The Brookings Institution predicts significant price increases the longer the conflict continues. Donald insists that Iran is in a weak position. Experts disagree.
The Center for Strategic and International Studies argues that Iran’s strategy has been to absorb pressure, impose costs, and shift the center of gravity outward. By those measures, Iran is succeeding.
As I have said repeatedly, Iran is now in a stronger position than it occupied before Donald attacked it. The United States has burned through difficult-to-replace munitions. European and Asian allies face growing shortages.
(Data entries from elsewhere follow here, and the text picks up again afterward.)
lemma norm_re_part_le: "norm (re_part z) \<le> norm z"
  unfolding norm_vec_def re_part_def by (rule L2_set_mono) (auto simp: abs_Re_le_cmod)

lemma shear_height_add_axis [simp]: "shear_height k (z + axis k c) = shear_height k z"
  unfolding shear_height_def by (auto intro!: sum.cong simp: axis_def)

lemma shear_height_has_derivative:
  "(shear_height k has_derivative (\<lambda>h. 4 * (\<Sum>j\<in>-{k}. z$j * h$j))) (at z)"
proof -
  have "((\<lambda>x. (x$j)^2) has_derivative (\<lambda>h. 2 * z$j * h$j)) (at z)" for j
    by (rule derivative_eq_intros bounded_linear.has_derivative[OF bounded_linear_vec_nth]
        has_derivative_ident | simp add: fun_eq_iff mult_ac)+
  then have "((\<lambda>x. 3/5 + 2 * (\<Sum>j\<in>-{k}. (x$j)^2))
      has_derivative (\<lambda>h. 0 + 2 * (\<Sum>j\<in>-{k}. 2 * z$j * h$j))) (at z)"
    by (intro has_derivative_add has_derivative_const has_derivative_mult_right has_derivative_sum)
  then show ?thesis
    unfolding shear_height_def by (simp add: sum_distrib_left mult_ac)
qed

lemma shear_has_derivative: "(shear k has_derivative shear_deriv k z) (at z)"
proof -
  have "((\<lambda>x. axis k (\<i> * shear_height k x))
      has_derivative (\<lambda>h. axis k (\<i> * (4 * (\<Sum>j\<in>-{k}. z$j * h$j))))) (at z)"
    by (intro bounded_linear.has_derivative[OF bounded_linear_axis]
        has_derivative_mult_right shear_height_has_derivative)
  from has_derivative_add[OF has_derivative_ident this] show ?thesis
    unfolding shear_def[abs_def] shear_deriv_def[abs_def] by simp
qed

lemma shear_deriv_complex_linear: "shear_deriv k z (c *s v) = c *s shear_deriv k z v"
  by (simp add: vec_eq_iff shear_deriv_def axis_def sum_distrib_left algebra_simps)

text \<open>The derivative is unipotent: it fixes every coordinate except the \<open>k\<close>-th one,
  which is shifted by a function of the others.\<close>
lemma inj_shear_deriv: "inj (shear_deriv k z)"
proof (rule injI)
  fix x y assume eq: "shear_deriv k z x = shear_deriv k z y"
  have other: "x$j = y$j" if "j \<noteq> k" for j
    using arg_cong[OF eq, of "\<lambda>v. v$j"] that by (simp add: shear_deriv_def axis_def)
  then have "(\<Sum>j\<in>-{k}. z$j * x$j) = (\<Sum>j\<in>-{k}. z$j * y$j)"
    by (intro sum.cong) auto
  then have "x$k = y$k"
    using arg_cong[OF eq, of "\<lambda>v. v$k"] by (simp add: shear_deriv_def)
  with other show "x = y" by (metis vec_eq_iff)
qed

lemma continuous_on_shear_height: "continuous_on S (shear_height k)"
  by (intro continuous_at_imp_continuous_on ballI
      has_derivative_continuous[OF shear_height_has_derivative])

lemma holomorphic_embedding_scaled_shear:
  assumes "open S" and "\<delta> \<noteq> 0"
  shows "holomorphic_embedding (\<lambda>z. \<delta> *\<^sub>R shear k z) S"
proof -
  let ?\<phi> = "\<lambda>z. \<delta> *\<^sub>R shear k z"
  have deriv: "(?\<phi> has_derivative (\<lambda>h. \<delta> *\<^sub>R shear_deriv k z h)) (at z)" for z
    by (rule bounded_linear.has_derivative[OF bounded_linear_scaleR_right shear_has_derivative])
  have "\<delta> *\<^sub>R shear_deriv k z (c *s v) = c *s (\<delta> *\<^sub>R shear_deriv k z v)" for z c v
    by (simp add: shear_deriv_complex_linear vec_eq_iff scaleR_conv_of_real)
  then have hol: "holomorphic_n ?\<phi> S"
    unfolding holomorphic_n_def using assms(1) deriv by blast
  have inj_deriv: "inj L" if "(?\<phi> has_derivative L) (at z)" for z L
  proof -
    have "L = (\<lambda>h. \<delta> *\<^sub>R shear_deriv k z h)"
      using has_derivative_unique[OF that deriv] .
    then show "inj L"
      using inj_shear_deriv[of k z] assms(2) by (simp add: inj_def)
  qed
  define g where
    "g = (\<lambda>u. u - axis k (\<i> * shear_height k u)) \<circ> (\<lambda>w. inverse \<delta> *\<^sub>R w)"
  have g_\<phi>: "g (?\<phi> z) = z" for z
    using assms(2) by (simp add: g_def shear_def)
  then have inj: "inj_on ?\<phi> S" by (metis inj_on_inverseI)
  have "homeomorphism S (?\<phi> ` S) ?\<phi> g"
  proof (rule homeomorphismI)
    show "continuous_on S ?\<phi>" unfolding shear_def
      by (intro continuous_intros bounded_linear.continuous_on[OF bounded_linear_axis]
          continuous_on_shear_height)
    show "continuous_on (?\<phi> ` S) g" unfolding g_def
      by (intro continuous_on_compose continuous_intros continuous_on_shear_height
          bounded_linear.continuous_on[OF bounded_linear_axis])
  qed (auto simp: g_\<phi>)
  with hol inj inj_deriv show ?thesis
    unfolding holomorphic_embedding_def by blast
qed

lemma shear_vanishes: "shear k (axis k (- \<i> * (3/5))) = 0"
proof -
  have "shear_height k (axis k (- \<i> * (3/5))) = 3/5"
    by (simp add: shear_height_def axis_def)
  then show ?thesis by (simp add: shear_def vec_eq_iff axis_def)
qed

lemma axis_in_unit_polydisc: "cmod c < 1 \<Longrightarrow> axis k c \<in> unit_polydisc"
  by (simp add: unit_polydisc_def polydisc_def axis_def)

lemma norm_shear_le:
  fixes z :: "complex^'n::finite"
  assumes "z \<in> unit_polydisc"
  shows "norm (shear k z) \<le> 4 * real CARD('n)^2"
proof -
  define N where "N = real CARD('n)"
  have N1: "N \<ge> 1" unfolding N_def by (simp add: Suc_le_eq)
  have z1: "cmod (z$i) < 1" for i
    using assms by (auto simp: unit_polydisc_def polydisc_def)
  have "cmod (\<Sum>i\<in>-{k}. (z$i)^2) \<le> (\<Sum>i\<in>-{k}. cmod (z$i) ^ 2)"
    by (rule order_trans[OF norm_sum]) (simp add: norm_power)
  also have "\<dots> \<le> (\<Sum>i\<in>-{k}. 1)"
    using z1 by (intro sum_mono) (simp add: abs_square_le_1 less_imp_le)
  also have "\<dots> \<le> N" unfolding N_def by (simp add: card_mono)
  finally have "cmod (shear_height k z) \<le> 3/5 + 2 * N"
    unfolding shear_height_def
    using norm_triangle_ineq[of "3/5::complex" "2 * (\<Sum>i\<in>-{k}. (z$i)^2)"] by (simp add: norm_mult)
  then have "cmod (shear k z $ j) \<le> 4 * N" for j
    using norm_triangle_ineq[of "z$j" "\<i> * shear_height k z"] z1[of j] N1
    by (cases "j = k") (auto simp: shear_def axis_def norm_mult)
  then have "(\<Sum>j\<in>UNIV. cmod (shear k z $ j)) \<le> (\<Sum>j\<in>(UNIV::'n set). 4 * N)"
    by (intro sum_mono)
  then show ?thesis
    using norm_vec_le_sum_norm[of "shear k z"] by (simp add: N_def power2_eq_square)
qed

lemma open_unit_polydisc: "open (unit_polydisc :: (complex^'n::finite) set)"
proof -
  have eq: "unit_polydisc = (\<Inter>i. {z::complex^'n. norm (z$i) < 1})"
    by (auto simp: unit_polydisc_def polydisc_def)
  have "open {z::complex^'n. norm (z$i) < 1}" for i
    by (intro open_Collect_less continuous_intros)
  then show ?thesis unfolding eq by (intro open_INT) auto
qed

lemma hartogs1_subset_unit_polydisc:
  "hartogs1 \<subseteq> (unit_polydisc :: (complex^'n::{finite,wellorder}) set)"
proof
  fix z assume "z \<in> hartogs1"
  then have "cmod (z$i) < 1" for i
    by (cases "i = first_idx") (auto simp: hartogs1_def polydisc_def)
  then show "z \<in> unit_polydisc" by (simp add: unit_polydisc_def polydisc_def)
qed

lemma hartogs1_shear_Im_escapes:
  fixes z :: "complex^'n::{finite,wellorder}"
  assumes z: "z \<in> hartogs1" and "0 \<le> \<epsilon>" and small: "real CARD('n) * \<epsilon> \<le> 1/20"
  shows "\<exists>j. \<epsilon> < \<bar>Im (shear first_idx z $ j)\<bar>"
proof (rule ccontr)
  define k :: 'n where "k = first_idx"
  assume "\<nexists>j. \<epsilon> < \<bar>Im (shear first_idx z $ j)\<bar>"
  then have Im_shear: "\<bar>Im (shear k z $ j)\<bar> \<le> \<epsilon>" for j
    unfolding k_def by (simp add: not_less)
  have Im_other: "(Im (z$j))^2 \<le> \<epsilon>^2" if "j \<noteq> k" for j
  proof -
    have "\<bar>Im (z$j)\<bar> \<le> \<epsilon>" using Im_shear[of j] that by (simp add: shear_def axis_def)
    then show ?thesis using power_mono[of "\<bar>Im (z$j)\<bar>" \<epsilon> 2] by simp
  qed
  have "\<epsilon> \<le> real CARD('n) * \<epsilon>"
    using \<open>0 \<le> \<epsilon>\<close> by (simp add: Suc_le_eq mult_le_cancel_right1)
  then have "\<epsilon> \<le> 1/20" using small by linarith
  then have \<epsilon>_sq: "\<epsilon>^2 \<le> \<epsilon>/20"
    using mult_left_mono[of \<epsilon> "1/20" \<epsilon>] \<open>0 \<le> \<epsilon>\<close> by (simp add: power2_eq_square)
  define S where "S = (\<Sum>j\<in>-{k}. (Re (z$j))^2)"
  define I where "I = (\<Sum>j\<in>-{k}. (Im (z$j))^2)"
  have "I \<le> (\<Sum>j\<in>-{k}. \<epsilon>^2)"
    unfolding I_def using Im_other by (intro sum_mono) auto
  also have "\<dots> \<le> real CARD('n) * \<epsilon>^2" by (simp add: card_mono mult_right_mono)
  finally have I_small: "I \<le> \<epsilon>/20"
    using mult_right_mono[OF small, of \<epsilon>] \<open>0 \<le> \<epsilon>\<close> by (simp add: power2_eq_square mult_ac)
  have "Im (shear k z $ k) = Im (z$k) + 3/5 + 2 * S - 2 * I"
    unfolding shear_def shear_height_def S_def I_def
    by (simp add: Re_power2 sum_subtractf algebra_simps)
  then have upper: "Im (z$k) + 3/5 + 2 * S - 2 * I \<le> \<epsilon>"
    using Im_shear[of k] by simp
  have "S \<ge> 0" unfolding S_def by (rule sum_nonneg) simp
  have "cmod (z$k) < 1/2 \<or> cmod (z$k) < 1 \<and> (\<exists>j. j \<noteq> k \<and> cmod (z$j) > 1/2)"
    using z unfolding hartogs1_def k_def polydisc_def cpolydisc_def by (auto simp: not_le)
  then show False
  proof
    assume "cmod (z$k) < 1/2"
    then show False
      using abs_Im_le_cmod[of "z$k"] upper \<open>S \<ge> 0\<close> I_small \<open>\<epsilon> \<le> 1/20\<close> by linarith
  next
    assume "cmod (z$k) < 1 \<and> (\<exists>j. j \<noteq> k \<and> cmod (z$j) > 1/2)"
    then obtain j where j: "j \<noteq> k" "cmod (z$j) > 1/2" and zk: "cmod (z$k) < 1" by blast
    have "(1/2)^2 < (cmod (z$j))^2" using j(2) by (intro power_strict_mono) auto
    then have "1/4 < (Re (z$j))^2 + (Im (z$j))^2"
      using cmod_power2[of "z$j"] by (simp add: power2_eq_square)
    moreover have "(Re (z$j))^2 \<le> S" unfolding S_def using j(1) by (intro member_le_sum) auto
    ultimately show False
      using Im_other[OF j(1)] abs_Im_le_cmod[of "z$k"] zk upper I_small \<epsilon>_sq \<open>\<epsilon> \<le> 1/20\<close>
      by linarith
  qed
qed

lemma C2_on_flat_at_zero:
  assumes "C2_on V \<psi> D" and "0 \<in> V" and "\<psi> 0 = 0" and "D 0 = 0" and "\<eta> > 0"
  obtains d where "d > 0" and "\<And>y. norm y < d \<Longrightarrow> norm (\<psi> y) \<le> \<eta> * norm y"
proof -
  have "(\<psi> has_derivative blinfun_apply (D 0)) (at 0)"
    using assms(1,2) unfolding C2_on_def by blast
  then have "(\<psi> has_derivative (\<lambda>_. 0)) (at 0)"
    using assms(4) by (simp add: zero_blinfun.rep_eq)
  then show thesis
    using that assms(3,5) unfolding has_derivative_at_alt by force
qed

lemma scaled_shear_hartogs1_off_graph:
  fixes \<psi> :: "real^'n::{finite,wellorder} \<Rightarrow> real^'n::{finite,wellorder}"
    and z :: "complex^'n::{finite,wellorder}"
  assumes "\<delta> > 0" and "4 * real CARD('n)^2 * \<delta> < d"
    and small: "\<And>y. norm y < d \<Longrightarrow> norm (\<psi> y) \<le> norm y / (80 * real CARD('n)^3)"
    and z: "z \<in> hartogs1"
  shows "im_part (\<delta> *\<^sub>R shear first_idx z) \<noteq> \<psi> (re_part (\<delta> *\<^sub>R shear first_idx z))"
proof
  define N where "N = real CARD('n)"
  have "N \<ge> 1" unfolding N_def by (simp add: Suc_le_eq)
  define \<epsilon> where "\<epsilon> = 1 / (20 * N)"
  define w where "w = \<delta> *\<^sub>R shear first_idx z"
  assume on_graph: "im_part w = \<psi> (re_part w)"
  have "norm (re_part w) \<le> norm w" by (rule norm_re_part_le)
  also have "\<dots> \<le> \<delta> * (4 * N^2)"
    using norm_shear_le[of z first_idx] z hartogs1_subset_unit_polydisc \<open>\<delta> > 0\<close>
    by (auto simp: w_def N_def)
  finally have re_w: "norm (re_part w) \<le> \<delta> * (4 * N^2)" .
  then have "norm (\<psi> (re_part w)) \<le> norm (re_part w) / (80 * N^3)"
    using small[of "re_part w"] assms(2) by (simp add: N_def mult.commute)
  also have "\<dots> \<le> \<delta> * (4 * N^2) / (80 * N^3)"
    using re_w by (intro divide_right_mono) (simp_all add: N_def)
  also have "\<dots> = \<delta> * \<epsilon>"
    using \<open>N \<ge> 1\<close> by (simp add: \<epsilon>_def field_simps power2_eq_square power3_eq_cube)
  finally have \<psi>_small: "norm (\<psi> (re_part w)) \<le> \<delta> * \<epsilon>" .
  have "\<delta> * Im (shear first_idx z $ j) = \<psi> (re_part w) $ j" for j
    using arg_cong[OF on_graph, of "\<lambda>v. v$j"] by (simp add: w_def im_part_def)
  then have "\<delta> * \<bar>Im (shear first_idx z $ j)\<bar> = \<bar>\<psi> (re_part w) $ j\<bar>" for j
    using \<open>\<delta> > 0\<close> by (metis abs_mult abs_of_pos)
  then have "\<bar>Im (shear first_idx z $ j)\<bar> \<le> \<epsilon>" for j
    using component_le_norm_cart[of "\<psi> (re_part w)" j] \<psi>_small \<open>\<delta> > 0\<close>
    by (metis mult_le_cancel_left_pos order_trans)
  moreover have "real CARD('n) * \<epsilon> \<le> 1/20" and "0 \<le> \<epsilon>"
    using \<open>N \<ge> 1\<close> by (simp_all add: \<epsilon>_def N_def)
  ultimately show False
    using hartogs1_shear_Im_escapes[OF z] by (meson not_le)
qed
Rising gas, fertilizer, and energy costs are damaging economies worldwide and increasing the likelihood of a global recession.
And when that recession comes, the United States will almost certainly bear much of the blame because the United States, and specifically Donald Trump, created this crisis.
The result is increased anti-American sentiment across the globe and a growing reluctance among allies to cooperate with us at precisely the moment when cooperation is most needed.
Yet Donald continues pretending otherwise.
Donald: Iran is in a very bad position. They have no military. All they have is good talk and they have a fake press. The fake news is probably their biggest asset.
At this point, it is fair to wonder whether Donald is describing himself.
The only thing keeping him afloat is a press corps that too often treats obvious falsehoods as legitimate political arguments. He does not have the facts. He does not have the leverage. He is operating from a position of weakness while continuing to put lives at risk.
Perhaps most disturbing of all was a recent interview with NBC in which Donald was asked about the ongoing negotiations.
His response was breathtaking.
Donald: I really don’t care. I couldn’t care less.
He then added that the discussions were becoming “very boring.”
That is the level of seriousness Donald brings to the war he started.
He does not care because he is incapable of caring. He is an incompetent toddler who constantly requires entertainment. Right now, his attention appears divided between his absurd White House ballroom project and his determination to transform America’s 250th birthday celebration into a monument to himself.
Meanwhile, people are dying, global markets are destabilizing, and the world continues paying the price for Donald’s recklessness.
And his advice to the rest of us is simply to sit back and relax.



Thanks, Mary. Another well written summary of our current mess.
Donald always claims to hold all the cards. Problem is that he doesn't know which card game he is playing.